Wording of survey questions

When converting an existing self-administered survey to IVR, many standard ABS economic questions will need to be rephrased, as they are not worded as "questions" as such. They are really just titles designed to match sections in our respondents' accounts e.g. "Interest income". When converting such questions into IVR, these types of items need to be reworded to be actual questions, e.g. "What was this business's interest income for the period?".
Simple questions with only one or two simple short notes may be appropriate for IVR; however, the notes must be incorporated into the question itself. For example:
    "What was the total gross income of this business during the financial period?"
    with the separate explanation:
      Excluding
      • Extraordinary items
      • Goods and Services Tax (GST)
becomes the IVR question:
    "What was the total gross income of this business during the financial period, excluding extraordinary income items and GST?"

Measurement units, which usually appear to the side of the response box in ABS paper forms, must also be incorporated into the question, e.g. "How long in years..." or "What was your business's income... in thousands of dollars".
Questions that require the respondent to select one or more options from a list will need to be reworded so that each option is asked about separately, requiring a yes or no answer. This is because reading out even a short list over the phone for the respondent to choose from is prone to bias due to the cognitive difficulty of remembering all the items while making a decision.
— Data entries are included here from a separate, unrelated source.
(* Let $A$ be a connectivity class of external positions which is not the frame class, and let $\pi$ be an even permutation of $A$. Then there exists a combination $g$ such that $g(p)=\pi(p)$ for all $p\in A$ and $g(q,l)=(q,l)$ for every external position $q\notin A$ and every $l\in B(q)$.
   Context: Fix integers $k\ge 2$, $n\ge 3$, $M=\{0,\dots,k-1\}$. Positions are $p\in M^n$; $B(p)=\{i:p_i\in\{0,k-1\}\}$, $p$ external if $B(p)\ne\emptyset$ (internal positions are disregarded). For distinct $i,j$, $\psi_{i,j}:M^n\to M^n$ is $(\psi_{i,j}p)_i=k-1-p_j$, $(\psi_{i,j}p)_j=p_i$, other coordinates unchanged; $B(\psi_{i,j}p)=\tau_{ij}(B(p))$ where $\tau_{ij}$ is the transposition of $i,j$. A move is given by distinct $i,j$ and constants $c_l\in M$ ($l\notin\{i,j\}$): it applies $\psi_{i,j}$ to all positions $p$ with $p_l=c_l$ ($l\notin\{i,j\}$) and fixes the others. It also acts on $X=\{(p,l): p\text{ external}, l\in B(p)\}$ (pairs recording the orientation face $l$ of the cubie at $p$) by $(p,l)\mapsto(\psi_{i,j}(p),\tau_{ij}(l))$ for $p$ in its layer, and fixes the other pairs. A combination is a finite sequence of moves, acting on positions and on $X$ by composition. Connectivity classes are the orbits of external positions under combinations. For odd $k$, the frame class is the set of positions with exactly one coordinate in $\{0,k-1\}$ and all other coordinates equal to $(k-1)/2$; for even $k$ there is no frame class. *)

theory Defs
  imports "HOL-Combinatorics.Permutations"
begin

text \<open>Positions p in M^n are lists of length n with entries in M = {0..<k}.
  Coordinates are indexed by {0..<n}.\<close>

definition positions :: "nat \<Rightarrow> nat \<Rightarrow> nat list set" where
  "positions k n = {p. length p = n \<and> (\<forall>i<n. p ! i < k)}"

definition Bset :: "nat \<Rightarrow> nat list \<Rightarrow> nat set" where
  "Bset k p = {i. i < length p \<and> (p ! i = 0 \<or> p ! i = k - 1)}"

definition external :: "nat \<Rightarrow> nat \<Rightarrow> nat list \<Rightarrow> bool" where
  "external k n p \<longleftrightarrow> p \<in> positions k n \<and> Bset k p \<noteq> {}"

definition psi :: "nat \<Rightarrow> nat \<Rightarrow> nat \<Rightarrow> nat list \<Rightarrow> nat list" where
  "psi k i j p = p[i := k - 1 - p ! j, j := p ! i]"

definition tau :: "nat \<Rightarrow> nat \<Rightarrow> nat \<Rightarrow> nat" where
  "tau i j l = (if l = i then j else if l = j then i else l)"

text \<open>A move is a triple (i, j, c) with distinct i, j < n and constants c l in M
  for l not in {i,j} (values of c at i, j are irrelevant).\<close>
type_synonym move = "nat \<times> nat \<times> (nat \<Rightarrow> nat)"

definition valid_move :: "nat \<Rightarrow> nat \<Rightarrow> move \<Rightarrow> bool" where
  "valid_move k n m = (case m of (i, j, c) \<Rightarrow>
     i < n \<and> j < n \<and> i \<noteq> j \<and> (\<forall>l<n. l \<noteq> i \<and> l \<noteq> j \<longrightarrow> c l < k))"

definition in_layer :: "nat \<Rightarrow> move \<Rightarrow> nat list \<Rightarrow> bool" where
  "in_layer n m p = (case m of (i, j, c) \<Rightarrow>
     (\<forall>l<n. l \<noteq> i \<and> l \<noteq> j \<longrightarrow> p ! l = c l))"

definition move_pos :: "nat \<Rightarrow> nat \<Rightarrow> move \<Rightarrow> nat list \<Rightarrow> nat list" where
  "move_pos k n m p = (case m of (i, j, c) \<Rightarrow>
     (if in_layer n m p then psi k i j p else p))"

definition move_X :: "nat \<Rightarrow> nat \<Rightarrow> move \<Rightarrow> nat list \<times> nat \<Rightarrow> nat list \<times> nat" where
  "move_X k n m x = (case m of (i, j, c) \<Rightarrow> (case x of (p, l) \<Rightarrow>
     (if in_layer n m p then (psi k i j p, tau i j l) else (p, l))))"

text \<open>A combination is a finite list of moves [m1, ..., mr]; it acts by
  first applying m1, then m2, etc.\<close>
definition valid_comb :: "nat \<Rightarrow> nat \<Rightarrow> move list \<Rightarrow> bool" where
  "valid_comb k n g \<longleftrightarrow> (\<forall>m\<in>set g. valid_move k n m)"

definition comb_pos :: "nat \<Rightarrow> nat \<Rightarrow> move list \<Rightarrow> nat list \<Rightarrow> nat list" where
  "comb_pos k n g p = fold (move_pos k n) g p"

definition comb_X :: "nat \<Rightarrow> nat \<Rightarrow> move list \<Rightarrow> nat list \<times> nat \<Rightarrow> nat list \<times> nat" where
  "comb_X k n g x = fold (move_X k n) g x"

definition conn_class :: "nat \<Rightarrow> nat \<Rightarrow> nat list set \<Rightarrow> bool" where
  "conn_class k n A \<longleftrightarrow> (\<exists>p. external k n p \<and>
     A = {comb_pos k n g p | g. valid_comb k n g})"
For example:
    "Did this business use any of the following business practices during the year ended 30 June 2007?"
      • Written strategic or business plans
      • Budget forecasts
      • Formal networking with other businesses
      • Comparison of performance with other business
      • Export market plans
      • None of the above

becomes the IVR questions:
    "Did your business use written strategic or business plans during the financial year?" (yes/no)
    "Did your business use budget forecasts during the financial year?" (yes/no)
    etc.

In interviewer-administered surveys, once it is clear that the respondent understands the intent of the question, the interviewer often omits the stem (in the example above, "Did your business use..." is the stem). However, this may lead to respondent confusion in IVR; therefore, the entire question must be recited each time. This, combined with the fact that it is important that respondents hear each question in its entirety, can lead to the questions sounding repetitive, artificial and regimented (Schneider et al., 2002). Therefore, this type of questioning should be limited to a small number of items.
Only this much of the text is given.